Vladislav Shafran

The #MeToo movement, inspired by the Harvey Weinstein controversy which erupted in October 2017, has implications far beyond the media and entertainment industry. Legislatures across the country were quick to respond, with a variety of laws seeking to protect victims of sexual harassment. The New York legislature has spearheaded this legal movement through the passage of several bills imposing new constraints and obligations on employers.In this new legal trend, New York may serve as an example for other states to look to: a system which reinforces employees’ protections, limits employers’ ability to hide allegations of sexual harassment, and sets a standard for employers to adhere by.

Prohibiting Mandatory Arbitration

In a widely publicized story, Gretchen Carlson sued Roger Alias of Fox News in 2016 for sexual-harassment. However, Fox News had a mandatory arbitration agreement with the majority of their employees. These contracts mandated that any employer dispute would be resolved outside the eyes of the public, in front of an arbitrator. Gretchen circumvented the mandatory arbitration contract initially by suing Roger Alias personally. Shortly after, a wave of similar lawsuits against Alias made it apparent that mandatory arbitration prevented many previous victims from disclosing the illegal conduct happening at Fox. Such information could have prevented similar future conduct from ever taking place.

New York responded to this concern with the passage of N.Y.C.P.L.R. 7515, which prohibits a contract that requires mandatory arbitration “to resolve any allegation or claim of an unlawful discriminatory practice of sexual harassment.” New York state employers are now unable to force mandatory arbitration in this context.

There is concern that the Supreme Court’s stance on the Federal Arbitration Act (FAA) may preempt this legislation. However, it clearly sets out the New York legislature’s stance on this question and will undoubtedly deter employers from attempting to enforce such provisions. As victims will now be able to sue in open court, there will be more transparency and information to warn prospective employees. In turn, this can incentivize employers to reduce the likelihood of such conduct taking place.

Limiting Confidentiality Clauses

The Harvey Weinstein controversy exposed the dangers of confidentiality clauses in settlement agreements. Past victims were barred from speaking out or warning the public. This allowed Mr. Weinstein to continuously repeat his conduct with new, unwitting employees.

The New York State Budget Bill for Fiscal Year 2019 delivered General Obligations Law §5-336, a statute which prohibits settlement agreements that prevent parties from disclosing or discussing the facts underlying sexual harassment claims. An employer may only include such a confidentiality clause in the agreement with the consent of the settling individual. This law puts an emphasis on the complainant’s preference. There is a possibility that the statute might incentivize employers to enter into litigation instead of settlement, as they do not receive the confidentiality benefit of the settlement anymore. However, it will likely increase the chances of greater transparency to the public and could cause the employer a substantial amount of reputational damage, promoting more stringent anti-sexual-harassment policies on part of the employer.
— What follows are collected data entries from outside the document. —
lemma MGH_ge_gluing:
  assumes "0 < s"
    and X_net: "\<And>x. x \<in> X \<Longrightarrow> \<exists>i\<in>I. c \<le> MX x (a i) s"
    and Y_net: "\<And>y. y \<in> Y \<Longrightarrow> \<exists>i\<in>I. c \<le> MY y (b i) s"
  shows "c * K s \<le> MGH X MX Y MY s"
proof -
  obtain i0 where i0: "i0 \<in> I" using I_nonempty by blast
  have "c * K s \<le> HM glued (Inl ` X) (Inr ` Y) s"
  proof (rule HM_geI)
    show "Inl ` X \<noteq> {}" "Inr ` Y \<noteq> {}" using a_in[OF i0] b_in[OF i0] by auto
    show "glued p q s \<le> 1" if "p \<in> Inl ` X" "q \<in> Inr ` Y" for p q
      using that assms(1) by (auto simp: cross_le_1)
    show "\<exists>q\<in>Inr ` Y. c * K s \<le> glued p q s" if p: "p \<in> Inl ` X" for p
    proof -
      obtain x where x: "x \<in> X" "p = Inl x" using p by blast
      then obtain i where i: "i \<in> I" "c \<le> MX x (a i) s" using X_net by blast
      have "c * K s \<le> MX x (a i) s * K s * MY (b i) (b i) s"
        using i fuzzy_metric_self[OF fmY b_in[OF i(1)] assms(1)] K_nonneg
        by (simp add: mult_right_mono)
      also have "\<dots> \<le> cross x (b i) s" by (rule cross_ge[OF i(1)])
      finally show ?thesis using x b_in[OF i(1)] by auto
    qed
    show "\<exists>p\<in>Inl ` X. c * K s \<le> glued p q s" if q: "q \<in> Inr ` Y" for q
    proof -
      obtain y where y: "y \<in> Y" "q = Inr y" using q by blast
      then obtain i where i: "i \<in> I" "c \<le> MY y (b i) s" using Y_net by blast
      have "c * K s \<le> MX (a i) (a i) s * K s * MY y (b i) s"
        using mult_right_mono[OF i(2) K_nonneg[of s]] fuzzy_metric_self[OF fmX a_in[OF i(1)] assms(1)]
        by (simp add: mult.commute)
      also have "\<dots> \<le> cross (a i) y s" by (rule cross_ge[OF i(1)])
      finally show ?thesis using y a_in[OF i(1)] by auto
    qed
  qed
  also have "\<dots> \<le> MGH X MX Y MY s"
    using a_in[OF i0] b_in[OF i0] assms(1) by (intro HM_le_MGH glued_admissible) auto
  finally show ?thesis .
qed

end

lemma subseq_uniformly_comparable:
  fixes P :: "nat \<Rightarrow> 'i \<Rightarrow> real"
  assumes "finite I" "0 < c" "\<theta> < 1"
    and range: "\<And>n i. i \<in> I \<Longrightarrow> c \<le> P n i \<and> P n i \<le> 1"
  shows "\<exists>r :: nat \<Rightarrow> nat. strict_mono r \<and> (\<forall>j k. \<forall>i\<in>I. \<theta> * P (r k) i \<le> P (r j) i)"
proof -
  define h where "h = (1 - \<theta>) * c"
  have h: "0 < h" using assms(2,3) by (simp add: h_def)
  define cell where "cell n = (\<lambda>i\<in>I. \<lfloor>P n i / h\<rfloor>)" for n
  have cell_in: "cell n \<in> (\<Pi>\<^sub>E i\<in>I. {0..\<lceil>1 / h\<rceil>})" for n
  proof -
    have "0 \<le> \<lfloor>P n i / h\<rfloor> \<and> \<lfloor>P n i / h\<rfloor> \<le> \<lceil>1 / h\<rceil>" if "i \<in> I" for i
    proof -
      have "0 \<le> P n i / h" "P n i / h \<le> 1 / h"
        using range[OF that, of n] assms(2) h by (auto simp: divide_right_mono)
      then show ?thesis using order.trans[OF floor_mono floor_le_ceiling] by simp
    qed
    then show ?thesis unfolding cell_def by auto
  qed
  have "finite (range cell)"
    by (rule finite_subset[where B = "\<Pi>\<^sub>E i\<in>I. {0..\<lceil>1 / h\<rceil>}"])
      (use cell_in assms(1) in \<open>auto intro: finite_PiE\<close>)
  then obtain n0 where fiber: "infinite {n. cell n = cell n0}"
    using pigeonhole_infinite[OF infinite_UNIV_nat] by auto
  define r where "r = enumerate {n. cell n = cell n0}"
  have same_cell: "cell (r j) = cell (r k)" for j k
    using enumerate_in_set[OF fiber] by (simp add: r_def)
  have comparable: "\<theta> * P m i \<le> P n i" if "cell n = cell m" "i \<in> I" for n m i
  proof -
    have "\<lfloor>P n i / h\<rfloor> = \<lfloor>P m i / h\<rfloor>"
      using fun_cong[OF that(1), of i] that(2) by (simp add: cell_def)
    then have "P m i / h < P n i / h + 1" by linarith
    then have "P m i < P n i + h" using h by (simp add: field_simps)
    moreover have "h \<le> (1 - \<theta>) * P m i"
      unfolding h_def using range[OF that(2), of m] assms(3) by (intro mult_left_mono) auto
    ultimately show ?thesis by (simp add: algebra_simps)
  qed
  have "strict_mono r" unfolding r_def by (rule strict_mono_enumerate[OF fiber])
  moreover have "\<forall>j k. \<forall>i\<in>I. \<theta> * P (r k) i \<le> P (r j) i"
    using comparable same_cell by blast
  ultimately show ?thesis by blast
qed
lemma occurs_at_append_left:
  "length u \<le> k \<Longrightarrow> occurs_at w k (u @ v) = occurs_at w (k - length u) v"
  unfolding occurs_at_def by simp

lemma occurs_at_append_right:
  "k + length w \<le> length u \<Longrightarrow> occurs_at w k (u @ v) = occurs_at w k u"
  unfolding occurs_at_def by simp

lemma occurs_at_0_iff: "length v = length w \<Longrightarrow> occurs_at w 0 v \<longleftrightarrow> v = w"
  unfolding occurs_at_def by auto

lemma occurs_at_overlap:
  assumes "occurs_at w k (u @ v)" and "k \<le> length u" and "length u \<le> k + length w"
  shows "take (k + length w - length u) v = drop (length u - k) w"
proof -
  have "w = drop k u @ take (k + length w - length u) v"
    using assms unfolding occurs_at_def by (simp add: take_append) (metis add.commute)
  then show ?thesis
    by (metis append_eq_conv_conj length_drop)
qed

lemma occurs_at_last:
  assumes "occurs_at w i u" and "length u = i + length w" and "w \<noteq> []"
  shows "last (x # u) = last w"
proof -
  have "drop i u = w"
    using assms(1,2) unfolding occurs_at_def by simp
  then have "u = take i u @ w"
    by (metis append_take_drop_id)
  then show ?thesis
    using assms(3) by (metis last_ConsR last_appendR Nil_is_append_conv)
qed

lemma (in transition_matrix) sum_trans_prod_occurs_at:
  assumes "k + length w \<le> N"
  shows "(\<Sum>v\<in>words N. trans_prod Q z v * of_bool (occurs_at w k v))
           = (\<Sum>y\<in>UNIV. mpow Q k z y * trans_prod Q y w)"
proof -
  obtain m where N: "N = (k + length w) + m"
    using assms le_Suc_ex by blast
  have "(\<Sum>v\<in>words N. trans_prod Q z v * of_bool (occurs_at w k v))
      = (\<Sum>v\<in>words N. trans_prod Q z v * of_bool (occurs_at w k (take (k + length w) v)))"
    by (simp add: occurs_at_take)
  also have "\<dots> = (\<Sum>v\<in>words (k + length w). trans_prod Q z v * of_bool (occurs_at w k v))"
    unfolding N by (rule sum_trans_prod_prefix)
  also have "\<dots> = (\<Sum>u\<in>words k. trans_prod Q z u
                      * (\<Sum>v\<in>words (length w). trans_prod Q (last (z # u)) v * of_bool (v = w)))"
    unfolding sum_trans_prod_append
    by (intro sum.cong refl) (simp add: words_def occurs_at_append_left occurs_at_0_iff)
  also have "\<dots> = (\<Sum>u\<in>words k. trans_prod Q z u * trans_prod Q (last (z # u)) w)"
    by (simp only: sum_words_indicator[OF refl])
  also have "\<dots> = (\<Sum>y\<in>UNIV. mpow Q k z y * trans_prod Q y w)"
    by (rule sum_trans_prod_last)
  finally show ?thesis .
qed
Requiring Training and Policy

The newly enacted New York Labor Law § 201-g required the New York State Department of Labor (NYSDOL) to create a model sexual harassment prevention policy.  Employers must adopt this model or use it in establishing their own policies. If an employer chooses the latter option, that policy must meet or exceed the standards established by the NYSDOL. The law also requires employers to conduct annual trainings for all employees.  Some of the requirements of the law include that employers explain sexual harassment as a form of unlawful discrimination under the law, describe what sexual harassment means, and develop an internal complaint process available to employees.

Through these sweeping changes to the law, New York exemplifies a robust start to effective legislation on the matter. The laws serve to promote transparency of sexual-harassment claims committed by an employer, while increasing reputational and litigation costs of such claims on the side of the employer. Setting up a system which incentivizes employers to lower the risk of such conduct, New York then proceeds to provide employers with a model policy to implement at the work-place which could affect such a change. Such sweeping changes in the law also institutionalize and reinforce the importance of tackling this problem.

As these laws have only recently been passed, it will take time to analyze their effects. Several obstacles could implicate these changes, such as preemption by the FAA and the possibility that employers could induce victims to ‘prefer’ confidentiality clauses by lowering the settlement amount if the victim does not agree. Furthermore, there is a likely chance that litigation will ensue concerning the definition of “sexual harassment” in these new laws, as the legislation does not specifically define that term. However, as an initial starting point on tackling a substantial problem, more states, and even the Congress, could look to New York’s efforts for guidance.